definition ginv :: "metric4 \<Rightarrow> real^4 \<Rightarrow> 4 \<Rightarrow> 4 \<Rightarrow> real" where
  "ginv g x i j = matrix_inv (\<chi> k l. g x k l) $ i $ j"

definition christoffel :: "metric4 \<Rightarrow> real^4 \<Rightarrow> 4 \<Rightarrow> 4 \<Rightarrow> 4 \<Rightarrow> real" where
  "christoffel g x k i j = (1/2) * (\<Sum>l\<in>UNIV. ginv g x k l *
      (partial4 i (\<lambda>y. g y j l) x + partial4 j (\<lambda>y. g y i l) x - partial4 l (\<lambda>y. g y i j) x))"

text \<open>Curvature operator components: R(d_i,d_j) d_k = sum_l R^l_{kij} d_l, with
  R(X,Y) = nabla_X nabla_Y - nabla_Y nabla_X - nabla_[X,Y].\<close>
definition riem13 :: "metric4 \<Rightarrow> real^4 \<Rightarrow> 4 \<Rightarrow> 4 \<Rightarrow> 4 \<Rightarrow> 4 \<Rightarrow> real" where
  "riem13 g x l k i j =
     partial4 i (\<lambda>y. christoffel g y l j k) x - partial4 j (\<lambda>y. christoffel g y l i k) x
     + (\<Sum>m\<in>UNIV. christoffel g x l i m * christoffel g x m j k
                  - christoffel g x l j m * christoffel g x m i k)"

text \<open>Curvature tensor R_{ijkh} = g(R(d_i,d_j) d_h, d_k), the convention for which the
  given Weyl tensor formula is correct (Ricci tensor = contraction of R_{ijkh} over i,k).\<close>
definition riem :: "metric4 \<Rightarrow> real^4 \<Rightarrow> 4 \<Rightarrow> 4 \<Rightarrow> 4 \<Rightarrow> 4 \<Rightarrow> real" where
  "riem g x i j k h = (\<Sum>l\<in>UNIV. g x k l * riem13 g x l h i j)"
(* Let $G$ be a word-hyperbolic group with marked finite generating set $A$, let $X=\Gamma(G,A)$ with word metric $d_X$ and $|g|_X=d_X(1,g)$, let $H\le G$ be quasiconvex, and let $Y=\Gamma(G/H,A)$ with simplicial metric $d_Y$. Then there is an integer constant $K_1>0$ (depending only on $G,A,H$) with the following property. Let $g,f\in G$ be elements of minimal $|\cdot|_X$-length in the cosets $Hg$ and $Hf$ respectively. Let $w$ be the label (a word over $A^{\pm1}$) of a near geodesic path in $Y$ from $Hg$ to $Hf$, and let $h\in H$ be such that $hf=g\bar w$, where $\bar w\in G$ is the element represented by $w$. Then $|h|_X\le K_1$.
   Context: A marked finite generating set of $G$ is a map $\pi:A\to G$ from a finite alphabet such that $\pi(A)$ generates $G$. $\Gamma(G/H,A)$ is the graph with vertices the right cosets $Hg$ and, for each $(Hg,a)\in G/H\times A$, an edge from $Hg$ to $Hg\pi(a)$ labeled $a$; $\Gamma(G,A)$ is the case $H=1$. All edges have length one. A path $p$ in a geodesic metric space is near geodesic if $p=p_1p'p_2$ where $p_1,p',p_2$ are geodesic segments and $0\le l(p_i)\le 1$ for $i=1,2$. $H$ quasiconvex means there is $E>0$ such that every geodesic in $X$ with endpoints in $H$ lies in the $E$-neighborhood of $H$. *)

theory Defs
  imports Complex_Main "HOL-Algebra.Algebra"
begin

▸ Task statement: If a line in the data above includes the string "UNIV", copy it.

▸ Response to this task:
  "christoffel g x k i j = (1/2) * (\<Sum>l\<in>UNIV. ginv g x k l *
     + (\<Sum>m\<in>UNIV. christoffel g x l i m * christoffel g x m j k
  "riem g x i j k h = (\<Sum>l\<in>UNIV. g x k l * riem13 g x l h i j)"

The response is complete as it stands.